Listed entries:

(* Let $n\le N$ be positive integers and $r>0$. Let $\mathcal G_1,\mathcal G_2$ be nonempty families of subsets of $[N]$, each member having at most $n$ elements, and suppose both $\mathcal G_1$ and $\mathcal G_2$ are $r$-spread. If $r\ge 2^{12}\log_2(2n)$, then there exist $G_1\in\mathcal G_1$ and $G_2\in\mathcal G_2$ with $G_1\cap G_2=\emptyset$.
   Context: A family $\mathcal G$ of subsets of $[N]$ is $r$-spread if for every $S\subseteq[N]$, $|\{G\in\mathcal G: S\subseteq G\}|\le r^{-|S|}|\mathcal G|$. *)

theory Defs
  imports Complex_Main
begin

definition r_spread :: "nat \<Rightarrow> real \<Rightarrow> nat set set \<Rightarrow> bool" where
  "r_spread N r \<G> \<longleftrightarrow>
     (\<forall>S. S \<subseteq> {1..N} \<longrightarrow>
        real (card {G \<in> \<G>. S \<subseteq> G}) \<le> r powi (- int (card S)) * real (card \<G>))"

end

theory Submission
  imports Defs "HOL-Library.Discrete_Functions"
begin

(*
  A uniformly random set of L * w points of [N] contains a member of an r-spread family of
  sets of size < 2^L with probability at least 1 - 16 N / (w r).  The random set is built in
  L rounds of w points.  In a round with random w-set W, where the remaining members have size
  < 2 t, each member A_i is replaced by its minimal fragment T: the smallest A_j - W over members
  A_j of size < 2 t with A_j \<subseteq> W \<union> A_i.  Large fragments (|T| \<ge> t) are rare:
  (W \<union> T, T, i) determines (W, i), and by minimality T is a subset of one fixed small member
  inside W \<union> T, so spreadness bounds their number by a geometric series in 4 N / (w r).  The
  small fragments form again a spread family, now of sets of size < t, on the remaining points,
  and the next round starts.

  For two such families with 16 N / (w r) < 1/2, fewer than half of all (L w)-sets miss a
  member of either, so counting pairs of disjoint (L w)-sets yields Y \<supseteq> G1 and Y' \<supseteq> G2
  with Y \<inter> Y' = {}.  The parameters L ~ log2 n and w ~ 32 N / r fit into [N] as soon as
  r \<ge> 2^12 log2 (2 n).
*)

abbreviation nsubsets :: "'a set \<Rightarrow> nat \<Rightarrow> 'a set set" where
  "nsubsets X m \<equiv> {Y. Y \<subseteq> X \<and> card Y = m}"

abbreviation member_free_nsubsets :: "'a set \<Rightarrow> nat \<Rightarrow> 'i set \<Rightarrow> ('i \<Rightarrow> 'a set) \<Rightarrow> 'a set set" where
  "member_free_nsubsets X m I A \<equiv> {Y\<in>nsubsets X m. \<forall>i\<in>I. \<not> A i \<subseteq> Y}"

lemma binomial_add_le:
  assumes "w \<ge> 1"
  shows "real (M choose (w + j)) \<le> real (M choose w) * (real M / real w) ^ j"
proof (induction j)
  case 0
  then show ?case by simp
next
  case (Suc j)
  have "(M choose Suc i) * Suc i = (M choose i) * (M - i)" for i
  proof (cases M)
    case (Suc M')
    then show ?thesis
      using Suc_times_binomial[of i M'] binomial_absorb_comp[of M i] by (simp add: mult.commute)
  qed simp
  then have "real (M choose Suc (w + j)) * real (Suc (w + j)) = real (M choose (w + j)) * real (M - (w + j))"
    by (metis of_nat_mult)
  also have "\<dots> \<le> real (M choose (w + j)) * real M"
    by (intro mult_left_mono) auto
  finally have "real (M choose Suc (w + j)) \<le> real (M choose (w + j)) * real M / real (Suc (w + j))"
    by (simp add: field_simps)
  also have "\<dots> \<le> real (M choose (w + j)) * real M / real w"
    using assms by (intro divide_left_mono) auto
  also have "\<dots> \<le> real (M choose w) * (real M / real w) ^ j * real M / real w"
    by (intro divide_right_mono mult_right_mono Suc.IH) auto
  finally show ?case
    by (simp add: mult_ac)
qed

lemma choose_mult_add: "(n choose (k + m)) * ((k + m) choose k) = (n choose k) * ((n - k) choose m)"
proof (cases "k + m \<le> n")
  case False
  then have "n choose k = 0 \<or> (n - k) choose m = 0"
    by (cases "k \<le> n") simp_all
  with False show ?thesis
    by (auto simp: binomial_eq_0)
qed (simp add: choose_mult)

Work order: All lines above in which the word "auto" occurs should be identified and copied.

Response for this exercise:
    by (intro mult_left_mono) auto
    using assms by (intro divide_left_mono) auto
    by (intro divide_right_mono mult_right_mono Suc.IH) auto
    by (auto simp: binomial_eq_0)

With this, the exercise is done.